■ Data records
(* Let Assumptions (G) and (S) hold and let the local clocks be synchronized from $t_0$ on. Let $Q\in\mathbb{R}^{n\times n}$ be symmetric positive definite, and let $P\in\mathbb{R}^{n\times n}$ be a symmetric positive definite solution of the algebraic Riccati equation $$PA+A^TP-PBB^TP+Q=0.$$ Set $K=-B^TP$, and choose constants $c_1\ge \frac{1}{2\lambda_2}$ and $c_2\ge f_0(N-1)$. Let $s_i$, $i=1,\dots,N$, be a solution on $[t_0,\infty)$ of the static algorithm (SA) with $s_i(t_0)=0$ for all $i$, and set $x_i=s_i+r_i$. Then $$\lim_{t\to\infty}\Big\|x_i(t)-\frac1N\sum_{k=1}^N r_k(t)\Big\|=0\qquad\text{for all } i=1,\dots,N.$$
   Context: Graph: $\mathcal{G}$ is a simple graph on the vertex set $\{1,\dots,N\}$. Assumption (G): $\mathcal{G}$ is undirected and connected. $\mathcal{N}_i$ denotes the neighbor set of node $i$ and $|\mathcal{N}_i|$ its cardinality. $L$ is the graph Laplacian (degree matrix minus adjacency matrix), and $\lambda_2$ is its smallest nonzero eigenvalue. Reference signals: $A\in\mathbb{R}^{n\times n}$ and $B\in\mathbb{R}^{n\times p}$ are constant matrices. Assumption (S): the pair $(A,B)$ is stabilizable. For $i=1,\dots,N$, the signal $r_i:[t_0,\infty)\to\mathbb{R}^n$ satisfies $\dot r_i(t)=Ar_i(t)+Bf_i(t)$, where $f_i:[t_0,\infty)\to\mathbb{R}^p$ is continuous with $\|f_i(t)\|\le f_0$ for all $t$, and $f_0>0$ is a constant. Local clocks: each agent $i$ has a local time $t_i(t)$. "The local clocks are synchronized from $t_0$ on" means that there is a constant $\eta$ such that $t_i(t)=t+\eta$ for all $i$ and all $t\ge t_0$. Boundary-layer function: for fixed constants $\varepsilon>0$ and $\varphi>0$, and for $\omega\in\mathbb{R}^p$, set $h_i(\omega,t_i)=\dfrac{\omega}{\|\omega\|+\varepsilon e^{-\varphi t_i}}$. Static algorithm (SA): for $i=1,\dots,N$ and $t\ge t_0$, $$\dot s_i=As_i+Bu_i,\qquad u_i=c_1\sum_{j\in\mathcal{N}_i}K(x_i-x_j)+c_2\sum_{j\in\mathcal{N}_i}h_i\big(K(x_i-x_j),t_i\big),\qquad x_i=s_i+r_i.$$ *)

theory Defs
  imports "HOL-Analysis.Analysis"
begin

text \<open>Simple undirected graph on a finite vertex type 'v (vertices = {1..N}, N = CARD('v)),
given by a symmetric irreflexive adjacency relation E.\<close>

definition undirected_graph :: "('v \<Rightarrow> 'v \<Rightarrow> bool) \<Rightarrow> bool" where
  "undirected_graph E \<longleftrightarrow> (\<forall>i j. E i j \<longleftrightarrow> E j i) \<and> (\<forall>i. \<not> E i i)"

definition connected_graph :: "('v \<Rightarrow> 'v \<Rightarrow> bool) \<Rightarrow> bool" where
  "connected_graph E \<longleftrightarrow> (\<forall>i j. E\<^sup>*\<^sup>* i j)"

definition neighbors :: "('v \<Rightarrow> 'v \<Rightarrow> bool) \<Rightarrow> 'v \<Rightarrow> 'v set" where
  "neighbors E i = {j. E i j}"

definition laplacian :: "('v::finite \<Rightarrow> 'v \<Rightarrow> bool) \<Rightarrow> real^'v^'v" where
  "laplacian E = (\<chi> i j. (if i = j then real (card (neighbors E i)) else 0)
                          - (if E i j then 1 else 0))"

definition real_eigenvalue :: "real^'n^'n \<Rightarrow> real \<Rightarrow> bool" where
  "real_eigenvalue M \<mu> \<longleftrightarrow> (\<exists>v. v \<noteq> 0 \<and> M *v v = \<mu> *\<^sub>R v)"

definition lambda2 :: "('v::finite \<Rightarrow> 'v \<Rightarrow> bool) \<Rightarrow> real" where
  "lambda2 E = Min {\<mu>. real_eigenvalue (laplacian E) \<mu> \<and> \<mu> \<noteq> 0}"

definition complex_eigenvalue :: "real^'n^'n \<Rightarrow> complex \<Rightarrow> bool" where
  "complex_eigenvalue M \<mu> \<longleftrightarrow>
     (\<exists>v::complex^'n. v \<noteq> 0 \<and> (\<chi> i j. complex_of_real (M $ i $ j)) *v v = \<mu> *s v)"

definition hurwitz :: "real^'n^'n \<Rightarrow> bool" where
  "hurwitz M \<longleftrightarrow> (\<forall>\<mu>. complex_eigenvalue M \<mu> \<longrightarrow> Re \<mu> < 0)"

definition stabilizable :: "real^'n^'n \<Rightarrow> real^'p^'n \<Rightarrow> bool" where
  "stabilizable A B \<longleftrightarrow> (\<exists>F :: real^'n^'p. hurwitz (A + B ** F))"

definition sym_pos_def :: "real^'n^'n \<Rightarrow> bool" where
  "sym_pos_def M \<longleftrightarrow> transpose M = M \<and> (\<forall>x. x \<noteq> 0 \<longrightarrow> x \<bullet> (M *v x) > 0)"

definition hbl :: "real \<Rightarrow> real \<Rightarrow> real^'p \<Rightarrow> real \<Rightarrow> real^'p" where
  "hbl \<epsilon> \<phi> \<omega> \<tau> = (1 / (norm \<omega> + \<epsilon> * exp (- \<phi> * \<tau>))) *\<^sub>R \<omega>"

end

theory Submission
  imports Defs "HOL-Library.Transitive_Closure_Table" "HOL-Real_Asymp.Real_Asymp"
begin

text \<open>Let \<xi>_i = x_i - (1/N) \<Sum>_k r_k. The coupling terms of (SA) are odd in x_i - x_j, so the
  inputs u_i sum to zero over the undirected graph; hence \<Sum>_i s_i solves s' = A s from 0 and
  vanishes, which gives \<Sum>_i \<xi>_i = 0 and \<xi>_i' = A \<xi>_i + B (u_i + f_i - (1/N) \<Sum>_k f_k).
  For V = \<Sum>_i \<xi>_i \<bullet> P \<xi>_i the Riccati equation gives
  V' = \<Sum>_i (\<parallel>y_i\<parallel>^2 - \<xi>_i \<bullet> Q \<xi>_i + 2 y_i \<bullet> (u_i + f_i)) with y_i = B^T P \<xi>_i and \<Sum>_i y_i = 0.
  The Rayleigh bound \<lambda>_2 \<parallel>y\<parallel>^2 \<le> y \<bullet> L y on zero-sum vectors and c_1 \<ge> 1/(2\<lambda>_2) let the
  linear coupling absorb \<Sum>_i \<parallel>y_i\<parallel>^2. Along simple paths of the connected graph, 2 \<Sum>_i \<parallel>y_i\<parallel>
  is at most N - 1 times the sum of \<parallel>y_i - y_j\<parallel> over ordered edges (i, j), so with
  c_2 \<ge> f_0 (N - 1) the boundary layer absorbs the disturbances up to an error of order
  \<epsilon> exp (- \<phi> t). Hence V' \<le> - \<alpha> V + C exp (- \<phi> t), and V tends to 0.\<close>

lemma inner_matrix_vector_transpose: "(a::real^'n) \<bullet> (M *v b) = (transpose M *v a) \<bullet> b"
  by (simp add: dot_lmul_matrix[symmetric])

lemma quadratic_form_scaleR:
  "(c *\<^sub>R v) \<bullet> (M *v (c *\<^sub>R v)) = c\<^sup>2 * (v \<bullet> (M *v v))" for M :: "real^'n^'n"
  by (simp add: matrix_vector_mult_scaleR power2_eq_square)

lemma matrix_vector_mult_sum: "M *v (\<Sum>i\<in>S. v i) = (\<Sum>i\<in>S. M *v v i)" for M :: "real^'n^'m"
  using linear_sum[OF matrix_vector_mul_linear, of M v S] by (simp add: o_def)

lemma uminus_matrix_vector_mult: "(- M) *v v = - (M *v v)" for M :: "real^'n^'m"
  by (simp add: matrix_vector_mult_def vec_eq_iff sum_negf)

section \<open>Quadratic forms\<close>

lemma nonneg_quadratic_linear_coeff_eq_0:
  fixes a b :: real
  assumes "\<And>\<theta>. 0 \<le> 2 * \<theta> * a + \<theta>\<^sup>2 * b"
  shows "a = 0"
proof -
  define c where "c = \<bar>b\<bar> + 1"
  have "c > 0"
    by (simp add: c_def add_nonneg_pos)
  have "0 \<le> 2 * (- a / c) * a + (- a / c)\<^sup>2 * b"
    by (rule assms)
  also have "\<dots> \<le> 2 * (- a / c) * a + (- a / c)\<^sup>2 * c"
    unfolding c_def by (intro add_left_mono mult_left_mono) auto
  also have "\<dots> = - (a\<^sup>2 / c)"
    using \<open>c > 0\<close> by (simp add: power2_eq_square field_simps)
  finally have "a\<^sup>2 \<le> 0"
    using \<open>c > 0\<close> by (simp add: divide_le_0_iff)
  then show ?thesis
    by simp
qed

lemma quadratic_form_attains_min_on_subspace:
  fixes M :: "real^'n::finite^'n"
  assumes "subspace Z" "Z \<noteq> {0}"
  obtains z where "z \<in> Z" "z \<bullet> z = 1"
    "\<And>v. v \<in> Z \<Longrightarrow> (z \<bullet> (M *v z)) * (v \<bullet> v) \<le> v \<bullet> (M *v v)"
proof -
  define q where "q v = v \<bullet> (M *v v)" for v
  define U where "U = Z \<inter> sphere 0 1"
  have normalize: "(1 / norm v) *\<^sub>R v \<in> U" if "v \<in> Z" "v \<noteq> 0" for v
    unfolding U_def using that assms(1) by (simp add: subspace_scale)
  have "compact U"
    unfolding U_def using closed_subspace[OF assms(1)] by (intro closed_Int_compact) auto
  moreover obtain e where "e \<in> Z" "e \<noteq> 0"
    using assms subspace_0 by blast
  then have "U \<noteq> {}"
    using normalize by blast
  moreover have "continuous_on U q"
    unfolding q_def by (intro continuous_intros linear_continuous_on matrix_vector_mul_bounded_linear)
  ultimately obtain z where "z \<in> U" and zmin: "\<And>w. w \<in> U \<Longrightarrow> q z \<le> q w"
    by (metis continuous_attains_inf)
  have "q z * (v \<bullet> v) \<le> q v" if "v \<in> Z" for v
  proof (cases "v = 0")
    case False
    have "q z \<le> (1 / norm v)\<^sup>2 * q v"
      using zmin[OF normalize[OF that False]] by (simp only: q_def quadratic_form_scaleR)
    then show ?thesis
      using False by (simp add: field_simps power2_norm_eq_inner)
  qed (simp add: q_def)
  moreover have "z \<in> Z" "z \<bullet> z = 1"
    using \<open>z \<in> U\<close> by (simp_all add: U_def flip: norm_eq_1)
  ultimately show ?thesis
    using that unfolding q_def by blast
qed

■ WHAT YOU ARE ASKED TO DO
Report how many lines in the data above contain "gives", without any other words.

■ EXERCISE RESPONSE
2